In a recent blog post, the Facebook team highlighted several improvements to the framework. First on the list is support for TensorBoard, a deep-learning visualization tool developed by Google as part of their TensorFlow framework. TensorFlow is currently a more popular choice among deep-learning developers than PyTorch, and TensorBoard's visualization features give Google's platform an advantage. PyTorch's new integration with TensorBoard may help close that gap.

The team also pointed out improvements to PyTorch's JIT compiler and distributed training. Distributed training improvements allow PyTorch models to be split across multiple GPUs for training; this lets developers build larger models that are too big to fit into a single GPU's memory, but still take advantage of GPUs for reducing training time. This is another area where TensorFlow has the lead.
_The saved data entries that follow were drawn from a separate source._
lemma cinner_smult_right: "cinner x (c *s y) = cnj c * cinner x y"
  by (simp add: cinner_def sum_distrib_left mult_ac)

lemma cinner_commute: "cinner y x = cnj (cinner x y)"
  by (simp add: cinner_def mult.commute)

lemma cinner_zero_left [simp]: "cinner 0 x = 0"
  by (simp add: cinner_def)

lemma cinner_zero_right [simp]: "cinner x 0 = 0"
  by (simp add: cinner_def)

lemma cinner_axis: "cinner Z (axis i (1::complex)) = Z$i"
  by (simp add: cinner_def axis_def if_distrib cong: if_cong)

lemma norm_vec_power2: "(norm (x::complex^'n))\<^sup>2 = (\<Sum>i\<in>UNIV. (cmod (x$i))\<^sup>2)"
  by (simp add: norm_vec_def L2_set_def sum_nonneg)

lemma cinner_self: "cinner x x = complex_of_real ((norm x)\<^sup>2)"
proof -
  have "\<And>i. x$i * cnj (x$i) = complex_of_real ((cmod (x$i))\<^sup>2)"
    by (metis complex_norm_square)
  then show ?thesis by (simp add: cinner_def norm_vec_power2)
qed

lemma Re_cinner_self: "Re (cinner x x) = (norm x)\<^sup>2"
  by (simp only: cinner_self Re_complex_of_real)

lemma norm_cinner_le: "cmod (cinner x y) \<le> norm x * norm y"
proof -
  have "cmod (cinner x y) \<le> (\<Sum>i\<in>UNIV. cmod (x$i * cnj (y$i)))"
    unfolding cinner_def by (rule norm_sum)
  also have "\<dots> = (\<Sum>i\<in>UNIV. \<bar>cmod (x$i)\<bar> * \<bar>cmod (y$i)\<bar>)"
    by (simp add: norm_mult)
  also have "\<dots> \<le> L2_set (\<lambda>i. cmod (x$i)) UNIV * L2_set (\<lambda>i. cmod (y$i)) UNIV"
    by (rule L2_set_mult_ineq)
  finally show ?thesis by (simp add: norm_vec_def)
qed

lemma norm_vector_smult: "norm (c *s (x::complex^'n)) = cmod c * norm x"
proof -
  have "(norm (c *s x))\<^sup>2 = (cmod c * norm x)\<^sup>2"
    by (simp add: norm_vec_power2 norm_mult power_mult_distrib sum_distrib_left)
  then show ?thesis by simp
qed

lemma norm_add_power2_cinner:
  "(norm (x + y :: complex^'n))\<^sup>2 = (norm x)\<^sup>2 + (norm y)\<^sup>2 + 2 * Re (cinner x y)"
proof -
  have "complex_of_real ((norm (x + y))\<^sup>2) = cinner x x + cinner y y + (cinner x y + cnj (cinner x y))"
    by (simp only: cinner_self[symmetric] cinner_add_left cinner_add_right cinner_commute[of x y])
      (simp add: algebra_simps)
  then have "(norm (x + y))\<^sup>2 = Re (cinner x x + cinner y y + (cinner x y + cnj (cinner x y)))"
    by (metis Re_complex_of_real)
  then show ?thesis by (simp add: cinner_self)
qed

lemma norm_diff_power2_cinner:
  "(norm (x - y :: complex^'n))\<^sup>2 = (norm x)\<^sup>2 + (norm y)\<^sup>2 - 2 * Re (cinner x y)"
  using norm_add_power2_cinner[of x "-y"] by (simp add: cinner_def sum_negf)

lemma norm_cinner_less_1: "norm x < 1 \<Longrightarrow> norm y < 1 \<Longrightarrow> cmod (cinner x y) < 1"
  using norm_cinner_le[of x y] norm_mult_less[of "norm x" 1 "norm y" 1] by simp

lemma one_minus_cinner_nonzero: "norm x < 1 \<Longrightarrow> norm y < 1 \<Longrightarrow> 1 - cinner x y \<noteq> 0"
  using norm_cinner_less_1[of x y] by auto

lemma one_plus_nonzero: "cmod (z::complex) < 1 \<Longrightarrow> 1 + z \<noteq> 0"
  by (metis add_eq_0_iff2 less_irrefl norm_minus_cancel norm_one)

lemma tendsto_cinner_right: "W \<longlonglongrightarrow> q \<Longrightarrow> (\<lambda>n. cinner Y (W n)) \<longlonglongrightarrow> cinner Y q"
  unfolding cinner_def by (intro tendsto_intros tendsto_vec_nth)

lemma bounded_linear_cinner_left: "bounded_linear (\<lambda>x. cinner x v)"
  unfolding cinner_def
  by (intro bounded_linear_sum bounded_linear_compose[OF bounded_linear_mult_left] bounded_linear_vec_nth)

lemma bounded_linear_vector_smult_left: "bounded_linear (\<lambda>h::complex. h *s (w::complex^'n))"
proof (rule bounded_linear_intro[where K="norm w"])
  show "\<And>x y. (x + y) *s w = x *s w + y *s w" by (rule vector_sadd_rdistrib)
  show "\<And>r x. (r *\<^sub>R x) *s w = r *\<^sub>R (x *s w)" by (simp add: vec_eq_iff)
  show "\<And>x. norm (x *s w) \<le> norm x * norm w" by (simp add: norm_vector_smult)
qed

lemma cinner_axis_split:
  fixes Z W :: "complex^'n" and i :: 'n
  defines "e \<equiv> axis i (1::complex)"
  shows "cinner Z W = Z$i * cnj (W$i) + cinner (Z - Z$i *s e) (W - W$i *s e)"
proof -
  have ee: "cinner e e = 1" by (simp add: e_def cinner_axis)
  have "cinner (X - X$i *s e) e = 0" for X :: "complex^'n"
    by (simp add: cinner_diff_left cinner_smult_left ee) (simp add: e_def cinner_axis)
  moreover from this have "cinner e (X - X$i *s e) = 0" for X :: "complex^'n"
    by (metis cinner_commute complex_cnj_zero)
  moreover have "cinner Z W = cinner ((Z - Z$i *s e) + Z$i *s e) ((W - W$i *s e) + W$i *s e)"
    by simp
  ultimately show ?thesis
    by (simp only: cinner_add_left cinner_add_right cinner_smult_left cinner_smult_right ee)
      (simp add: algebra_simps)
qed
The JIT compiler allows PyTorch models to be exported in a form that can run "in various production environments like mobile or IoT," using a native C++ library. The improvements to the JIT compiler include support for new data types as well as user-defined classes, allowing developers to write more complex model code while still maintaining the performance gains at run time.

Another new feature is a module implementing multi-headed attention. This is a new deep-neural-network architecture that achieves results comparable to recurrent neural networks (RNNs) on sequential learning tasks such as language translation. However, the attention networks do not include recursion and can be trained in a fraction of the time.

Users are particularly excited about performance improvements; several PyTorch modules have been re-written, in some cases achieving speed gains of up to 30x. One commenter on Hacker News stated that:

The `nn.BatchNorm` CPU inference speedup is a Big Deal™ to us.

The new release also includes new tools "as well as products and services from [Facebook's] partnership with industry leaders such as Google." One such collaboration with Google is the inclusion of the latest version of PyTorch in Google's AI Platform Notebooks, a hosted JupyterLab service in the Google Cloud Platform.

Two of the new open-source tools, Ax and BoTorch, are used by Facebook internally for a wide range of tasks, including machine-learning hyperparameter optimization, improving efficiency of infrastructure, and optimizing video playback. Both tools are released under the MIT License, which commenters noted is a departure from their previous open-source licensing strategy.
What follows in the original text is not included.